Mr Justice Chapman praised the police for the small amount of crime both at the Exhibition and in Christchurch generally. Certainly there had been strict police supervision, but the police themselves knew that the absence of crime was only a marginal consequence of policing, and mostly a product of societal trends. The ‘practically crimeless’ 23 weeks, during which almost two million visits were recorded, was the result (in Inspector John Dwyer’s words) of ‘the character and behaviour of the populace’. Even in frontier areas, social stabilisation was well advanced. When in late 1903 the Premier characterised the social order of the Taumarunui area as being in ‘a most deplorable state’, he was referring only to a degree of slygrogging and some accompanying drunkenness and disorder.
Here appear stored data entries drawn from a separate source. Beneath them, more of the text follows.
(* Let $n,m\ge1$ and identify $n$-bit strings with elements of $\mathbb{F}_{2^n}$, with addition $\oplus$ (bitwise XOR) and field multiplication $*$; for a bit $d$ and $b\in\mathbb{F}_{2^n}$ let $d\cdot b$ be $0$ if $d=0$ and $b$ if $d=1$. Let $B_1,\dots,B_m$ be independent uniformly random elements of $\mathbb{F}_{2^n}$ (honest Bob's challenges), and let $R_A$ be a random variable on a finite set, independent of $(B_1,\dots,B_m)$. A classical cheating strategy of Alice is a collection of deterministic functions with values in $\mathbb{F}_{2^n}$ giving her messages $Y_1=f_1(R_A,B_1)$; for $2\le k\le m$, $Y_k^{(d)}=f_k(R_A,B_1,\dots,B_{k-2},B_k,d)$; and $Y_{m+1}^{(d)}=f_{m+1}(R_A,B_1,\dots,B_{m-1},d)$, where $d\in\{0,1\}$ is the bit she attempts to unveil. Let $H_d$ be the event $$Y^{(d)}_{m+1}=\bigoplus_{j=1}^{m}\Big(\prod_{i=j+1}^{m}B_i\Big)*Y^{(d)}_j\ \oplus\ d\cdot\prod_{i=1}^{m}B_i,$$ where $Y^{(d)}_1:=Y_1$, products are taken with $*$ and the empty product is $1$, and let $p_d=\Pr[H_d]$. Then for every such strategy, $p_0+p_1\le1+\omega_m$, where $\omega_m$ is the optimal winning probability of the $m$-player multiplication game over $\mathbb{F}_{2^n}$ defined below; i.e. the $(m+1)$-round protocol is $\varepsilon$-binding with $\varepsilon=\omega_m$.
   Context: Multiplication game: for $r\ge1$ and a finite field $\mathbb{F}_q$, inputs $X_1,\dots,X_r$ are independent uniform on $\mathbb{F}_q$; player $k$ sees all inputs except $X_k$ and outputs $f_k(X_{[r]\setminus\{k\}})$ for some function $f_k:\mathbb{F}_q^{r-1}\to\mathbb{F}_q$; the game is won iff $\prod_{k=1}^rX_k=\sum_{k=1}^rf_k(X_{[r]\setminus\{k\}})$; $\omega_r$ is the maximum winning probability over all choices of $f_1,\dots,f_r$. The protocol: Alice's agents share uniform secrets $a_1,\dots,a_m$; in round 1 Bob sends $b_1$ and Alice returns $y_1=d\cdot b_1\oplus a_1$; in rounds $2\le k\le m$ Bob sends $b_k$ and Alice returns $y_k=(b_k*a_{k-1})\oplus a_k$; in round $m+1$ Alice sends $d$ and $y_{m+1}=a_m$; Bob accepts iff the relation defining $H_d$ holds. Consecutive rounds are space-like separated, so Alice's round-$k$ message cannot depend on $b_{k-1}$, and her round-1 message cannot depend on $d$; this is what the dependencies of the $f_k$ encode. $\varepsilon$-binding means $p_0+p_1\le1+\varepsilon$ for all cheating strategies. *)

theory Defs
  imports "HOL-Probability.Probability"
begin

text \<open>Player k outputs f k applied to the input with coordinate k erased
  (overwritten by 0), so player k's output cannot depend on X_k but may depend
  arbitrarily on all other inputs.\<close>

definition mult_game_inputs :: "nat \<Rightarrow> (nat \<Rightarrow> 'f::{field,finite}) set" where
  "mult_game_inputs r = PiE {1..r} (\<lambda>_. UNIV)"

definition mult_game_win_prob ::
  "nat \<Rightarrow> (nat \<Rightarrow> (nat \<Rightarrow> 'f::{field,finite}) \<Rightarrow> 'f) \<Rightarrow> real" where
  "mult_game_win_prob r f =
     real (card {x \<in> mult_game_inputs r.
                  (\<Prod>k\<in>{1..r}. x k) = (\<Sum>k\<in>{1..r}. f k (x(k := 0)))})
     / real (card (mult_game_inputs r :: (nat \<Rightarrow> 'f) set))"

definition mult_game_value :: "'f::{field,finite} itself \<Rightarrow> nat \<Rightarrow> real" where
  "mult_game_value _ r =
     (SUP f :: nat \<Rightarrow> (nat \<Rightarrow> 'f) \<Rightarrow> 'f. mult_game_win_prob r f)"

text \<open>Alice's message in
  round k for the unveiled bit d (True = 1). f1 gives Y_1 = f1(R_A,B_1);
  f k gives Y_k^(d) for 2 <= k <= m+1, with access only to the allowed challenges.\<close>

definition alice_msg ::
  "nat \<Rightarrow> ('r \<Rightarrow> 'f \<Rightarrow> 'f) \<Rightarrow> (nat \<Rightarrow> 'r \<Rightarrow> (nat \<Rightarrow> 'f) \<Rightarrow> bool \<Rightarrow> 'f)
     \<Rightarrow> 'r \<Rightarrow> (nat \<Rightarrow> 'f) \<Rightarrow> bool \<Rightarrow> nat \<Rightarrow> 'f" where
  "alice_msg m f1 f r b d k =
     (if k = 1 then f1 r (b 1)
      else if k \<le> m then f k r (restrict b ({1..k-2} \<union> {k})) d
      else f (m+1) r (restrict b {1..m-1}) d)"

definition bit_mult :: "bool \<Rightarrow> 'f::field \<Rightarrow> 'f" where
  "bit_mult d x = (if d then x else 0)"

definition accept_event ::
  "nat \<Rightarrow> ('r \<Rightarrow> 'f \<Rightarrow> 'f) \<Rightarrow> (nat \<Rightarrow> 'r \<Rightarrow> (nat \<Rightarrow> 'f) \<Rightarrow> bool \<Rightarrow> 'f)
     \<Rightarrow> bool \<Rightarrow> ('r \<times> (nat \<Rightarrow> 'f::field)) set" where
  "accept_event m f1 f d =
     {(r, b). alice_msg m f1 f r b d (m+1) =
        (\<Sum>j\<in>{1..m}. (\<Prod>i\<in>{j+1..m}. b i) * alice_msg m f1 f r b d j)
        + bit_mult d (\<Prod>i\<in>{1..m}. b i)}"

definition cheat_prob ::
  "nat \<Rightarrow> 'r pmf \<Rightarrow> ('r \<Rightarrow> 'f::{field,finite} \<Rightarrow> 'f) \<Rightarrow> (nat \<Rightarrow> 'r \<Rightarrow> (nat \<Rightarrow> 'f) \<Rightarrow> bool \<Rightarrow> 'f)
     \<Rightarrow> bool \<Rightarrow> real" where
  "cheat_prob m R f1 f d =
     measure_pmf.prob (pair_pmf R (pmf_of_set (PiE {1..m} (\<lambda>_. (UNIV :: 'f set)))))
       (accept_event m f1 f d)"

end

theory Submission
  imports Defs
begin

text \<open>Fix Alice's randomness and let D j be the difference of her round-j messages for the
  two unveiled bits, so D 1 = 0. Subtracting the acceptance equations of H_0 and H_1 gives
  B_1 * ... * B_m = D (m+1) - (\<Sum>k<m. (B_(k+2) * ... * B_m) * D (k+1)), and because consecutive
  rounds are space-like separated the k-th summand never depends on B_k. So whenever H_0 and H_1
  both hold, these summands are a winning play of the m-player multiplication game; hence
  Pr[H_0 \<inter> H_1] \<le> \<omega>_m and p_0 + p_1 = Pr[H_0 \<union> H_1] + Pr[H_0 \<inter> H_1] \<le> 1 + \<omega>_m.\<close>

lemma measure_pair_pmf_le:
  assumes "\<And>a. a \<in> set_pmf A \<Longrightarrow> measure_pmf.prob B {b. (a, b) \<in> S} \<le> c"
  shows "measure_pmf.prob (pair_pmf A B) S \<le> c"
proof -
  obtain a where a: "a \<in> set_pmf A" using set_pmf_not_empty[of A] by blast
  have "0 \<le> c" using assms[OF a] measure_nonneg order_trans by blast
  have "emeasure (pair_pmf A B) S = (\<integral>\<^sup>+x. indicator S x \<partial>pair_pmf A B)"
    by simp
  also have "\<dots> = (\<integral>\<^sup>+a. \<integral>\<^sup>+b. indicator {b. (a, b) \<in> S} b \<partial>B \<partial>A)"
    unfolding nn_integral_pair_pmf' by (simp add: indicator_def)
  also have "\<dots> = (\<integral>\<^sup>+a. emeasure B {b. (a, b) \<in> S} \<partial>A)"
    by simp
  also have "\<dots> \<le> (\<integral>\<^sup>+a. ennreal c \<partial>A)"
    by (intro nn_integral_mono_AE)
      (auto simp: AE_measure_pmf_iff measure_pmf.emeasure_eq_measure intro!: ennreal_leI assms)
  also have "\<dots> = ennreal c" by (simp add: measure_pmf.emeasure_space_1)
  finally show ?thesis
    using \<open>0 \<le> c\<close> by (simp add: measure_pmf.emeasure_eq_measure)
qed

lemma measure_pmf_add_eq_Un_Int:
  "measure_pmf.prob M A + measure_pmf.prob M B
     = measure_pmf.prob M (A \<union> B) + measure_pmf.prob M (A \<inter> B)"
  using measure_pmf.finite_measure_Union'[of A M B] measure_pmf.finite_measure_Diff'[of B M A]
  by (simp add: Int_commute)

lemma finite_mult_game_inputs: "finite (mult_game_inputs r :: (nat \<Rightarrow> 'f::{field,finite}) set)"
  by (simp add: mult_game_inputs_def finite_PiE)

lemma mult_game_inputs_nonempty: "mult_game_inputs r \<noteq> {}"
  by (simp add: mult_game_inputs_def PiE_eq_empty_iff)

lemma mult_game_win_prob_eq_prob:
  fixes g :: "nat \<Rightarrow> (nat \<Rightarrow> 'f::{field,finite}) \<Rightarrow> 'f"
  shows "mult_game_win_prob r g = measure_pmf.prob (pmf_of_set (mult_game_inputs r))
     {x. (\<Prod>k\<in>{1..r}. x k) = (\<Sum>k\<in>{1..r}. g k (x(k := 0)))}"
  unfolding mult_game_win_prob_def
  by (simp add: measure_pmf_of_set[OF mult_game_inputs_nonempty finite_mult_game_inputs] Int_def)

lemma mult_game_win_prob_le_1: "mult_game_win_prob r g \<le> 1"
  unfolding mult_game_win_prob_eq_prob by (rule measure_pmf.prob_le_1)

lemma mult_game_win_prob_le_value:
  fixes g :: "nat \<Rightarrow> (nat \<Rightarrow> 'f::{field,finite}) \<Rightarrow> 'f"
  shows "mult_game_win_prob r g \<le> mult_game_value TYPE('f) r"
  unfolding mult_game_value_def
  by (rule cSUP_upper) (auto intro: bdd_aboveI2 mult_game_win_prob_le_1)

definition unveil_difference ::
  "nat \<Rightarrow> ('r \<Rightarrow> 'f \<Rightarrow> 'f) \<Rightarrow> (nat \<Rightarrow> 'r \<Rightarrow> (nat \<Rightarrow> 'f) \<Rightarrow> bool \<Rightarrow> 'f)
     \<Rightarrow> 'r \<Rightarrow> (nat \<Rightarrow> 'f::field) \<Rightarrow> nat \<Rightarrow> 'f" where
  "unveil_difference m f1 f r b k = alice_msg m f1 f r b True k - alice_msg m f1 f r b False k"

definition game_strategy_of_cheat ::
  "nat \<Rightarrow> ('r \<Rightarrow> 'f \<Rightarrow> 'f) \<Rightarrow> (nat \<Rightarrow> 'r \<Rightarrow> (nat \<Rightarrow> 'f) \<Rightarrow> bool \<Rightarrow> 'f)
     \<Rightarrow> 'r \<Rightarrow> nat \<Rightarrow> (nat \<Rightarrow> 'f) \<Rightarrow> 'f::field" where
  "game_strategy_of_cheat m f1 f r k x =
     (if k = m then unveil_difference m f1 f r x (m + 1)
      else - ((\<Prod>i\<in>{k+2..m}. x i) * unveil_difference m f1 f r x (k + 1)))"

lemma unveil_difference_first: "unveil_difference m f1 f r b 1 = 0"
  by (simp add: unveil_difference_def alice_msg_def)

lemma game_strategy_of_cheat_erase:
  assumes "1 \<le> k" "k \<le> m"
  shows "game_strategy_of_cheat m f1 f r k (x(k := 0)) = game_strategy_of_cheat m f1 f r k x"
proof (cases "k = m")
  case True
  have "restrict (x(m := 0)) {1..m-1} = restrict x {1..m-1}"
    using assms by (auto simp: restrict_def fun_eq_iff)
  with True show ?thesis
    by (simp add: game_strategy_of_cheat_def unveil_difference_def alice_msg_def)
next
  case False
  have "restrict (x(k := 0)) ({1..k+1-2} \<union> {k+1}) = restrict x ({1..k+1-2} \<union> {k+1})"
    by (auto simp: restrict_def fun_eq_iff)
  moreover have "(\<Prod>i\<in>{k+2..m}. (x(k := 0)) i) = (\<Prod>i\<in>{k+2..m}. x i)"
    by (rule prod.cong) auto
  ultimately show ?thesis
    using assms False by (simp add: game_strategy_of_cheat_def unveil_difference_def alice_msg_def)
qed

lemma accept_both_difference:
  assumes "(r, b) \<in> accept_event m f1 f False" "(r, b) \<in> accept_event m f1 f True"
  shows "unveil_difference m f1 f r b (m + 1)
     = (\<Sum>j\<in>{1..m}. (\<Prod>i\<in>{j+1..m}. b i) * unveil_difference m f1 f r b j) + (\<Prod>i\<in>{1..m}. b i)"
proof -
  let ?Y = "alice_msg m f1 f r b" and ?c = "\<lambda>j. \<Prod>i\<in>{j+1..m}. b i"
  have "(\<Sum>j\<in>{1..m}. ?c j * unveil_difference m f1 f r b j)
      = (\<Sum>j\<in>{1..m}. ?c j * ?Y True j) - (\<Sum>j\<in>{1..m}. ?c j * ?Y False j)"
    by (simp add: unveil_difference_def right_diff_distrib sum_subtractf)
  with assms show ?thesis
    by (simp add: accept_event_def bit_mult_def unveil_difference_def)
qed

lemma accept_both_imp_game_won:
  fixes b :: "nat \<Rightarrow> 'f::field"
  assumes "m \<ge> 1"
    and "(r, b) \<in> accept_event m f1 f False" "(r, b) \<in> accept_event m f1 f True"
  shows "(\<Prod>i\<in>{1..m}. b i) = (\<Sum>k\<in>{1..m}. game_strategy_of_cheat m f1 f r k (b(k := 0)))"
proof -
  let ?D = "unveil_difference m f1 f r b" and ?c = "\<lambda>j. \<Prod>i\<in>{j+1..m}. b i"
  obtain m' where m: "m = Suc m'" using assms(1) by (cases m) auto
  have shift: "(\<Sum>k\<in>{1..m'}. h (Suc k)) = (\<Sum>j\<in>{1..m}. h j)" if "h 1 = 0" for h :: "nat \<Rightarrow> 'f"
  proof -
    have "(\<Sum>j\<in>{1..m}. h j) = h 1 + (\<Sum>j\<in>{Suc 1..Suc m'}. h j)"
      unfolding m by (rule sum.atLeast_Suc_atMost) simp
    also have "\<dots> = (\<Sum>k\<in>{1..m'}. h (Suc k))"
      using that by (simp only: sum.shift_bounds_cl_Suc_ivl add_0_left)
    finally show ?thesis ..
  qed
  have "(\<Sum>k\<in>{1..m}. game_strategy_of_cheat m f1 f r k (b(k := 0)))
      = (\<Sum>k\<in>{1..m'}. game_strategy_of_cheat m f1 f r k b) + game_strategy_of_cheat m f1 f r m b"
    by (simp add: m game_strategy_of_cheat_erase)
  also have "\<dots> = ?D (m + 1) - (\<Sum>k\<in>{1..m'}. ?c (Suc k) * ?D (Suc k))"
    by (simp add: m game_strategy_of_cheat_def sum_negf)
  also have "(\<Sum>k\<in>{1..m'}. ?c (Suc k) * ?D (Suc k)) = (\<Sum>j\<in>{1..m}. ?c j * ?D j)"
    by (rule shift) (simp only: unveil_difference_first mult_zero_right)
  also have "?D (m + 1) - (\<Sum>j\<in>{1..m}. ?c j * ?D j) = (\<Prod>i\<in>{1..m}. b i)"
    using accept_both_difference[OF assms(2,3)] by simp
  finally show ?thesis ..
qed

lemma accept_both_prob_le_value:
  assumes "m \<ge> 1"
  shows "measure_pmf.prob (pmf_of_set (mult_game_inputs m :: (nat \<Rightarrow> 'f::{field,finite}) set))
           {b. (r, b) \<in> accept_event m f1 f False \<inter> accept_event m f1 f True}
         \<le> mult_game_value TYPE('f) m"
proof -
  let ?P = "pmf_of_set (mult_game_inputs m :: (nat \<Rightarrow> 'f) set)"
  have "measure_pmf.prob ?P {b. (r, b) \<in> accept_event m f1 f False \<inter> accept_event m f1 f True}
      \<le> measure_pmf.prob ?P
           {x. (\<Prod>k\<in>{1..m}. x k) = (\<Sum>k\<in>{1..m}. game_strategy_of_cheat m f1 f r k (x(k := 0)))}"
    using accept_both_imp_game_won[OF assms] by (intro measure_pmf.finite_measure_mono) auto
  also have "\<dots> \<le> mult_game_value TYPE('f) m"
    using mult_game_win_prob_le_value[of m "game_strategy_of_cheat m f1 f r"]
    unfolding mult_game_win_prob_eq_prob .
  finally show ?thesis .
qed

theorem propositionC2:
  fixes n m :: nat
    and R :: "'r pmf"
    and f1 :: "'r \<Rightarrow> 'f::{field,finite} \<Rightarrow> 'f"
    and f :: "nat \<Rightarrow> 'r \<Rightarrow> (nat \<Rightarrow> 'f) \<Rightarrow> bool \<Rightarrow> 'f"
  assumes "n \<ge> 1" and "m \<ge> 1"
    and "CARD('f) = 2 ^ n"
    and "finite (set_pmf R)"
  shows "cheat_prob m R f1 f False + cheat_prob m R f1 f True
           \<le> 1 + mult_game_value TYPE('f) m"
proof -
  let ?P = "pair_pmf R (pmf_of_set (mult_game_inputs m :: (nat \<Rightarrow> 'f) set))"
  let ?H = "accept_event m f1 f"
  have "cheat_prob m R f1 f False + cheat_prob m R f1 f True
      = measure_pmf.prob ?P (?H False \<union> ?H True) + measure_pmf.prob ?P (?H False \<inter> ?H True)"
    unfolding cheat_prob_def mult_game_inputs_def[symmetric] by (rule measure_pmf_add_eq_Un_Int)
  also have "\<dots> \<le> 1 + mult_game_value TYPE('f) m"
    by (intro add_mono measure_pmf.prob_le_1 measure_pair_pmf_le accept_both_prob_le_value assms(2))
  finally show ?thesis .
qed

end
Even in the cities, police spent much time investigating whether advertisements for potions for ‘lost manhood’ or cures for ‘diseases affecting the generative organs’ breached the 1892 Offensive Publications Act; or probing a ‘prevalence of promiscuous snowballing of women, children, aged people, and persons in charge of horses’; or stopping urination in the streets. A new Gaming Act had at the end of 1907 at last enabled the police to fully suppress both street betting and organised gambling houses, while later amending legislation was to give them the challenge of controlling bookmaking. 30

The state, through the police, continued to require ever stricter codes of public and private morality, which were attainable because of the increasing degree of social stabilisation. While leisure activities were encouraged, the administration of some of them was being re-examined by the authorities. Boxing, for example, was increasingly frowned upon because of its traditional association with gambling and fraud. In 1906 an Auckland boxing official accused Inspector Cullen of wanting ‘to kill the sport if possible’. Yet Cullen was a former participant in the ‘clean and manly sport’ who merely wanted it controlled ‘within legitimate bounds’, freed of the ‘criminal and hooligan element’ which tended to congregate around it. In the same year he established a ‘physical culture’ class run by wrestling champion Constable Arthur Skinner for the Auckland men.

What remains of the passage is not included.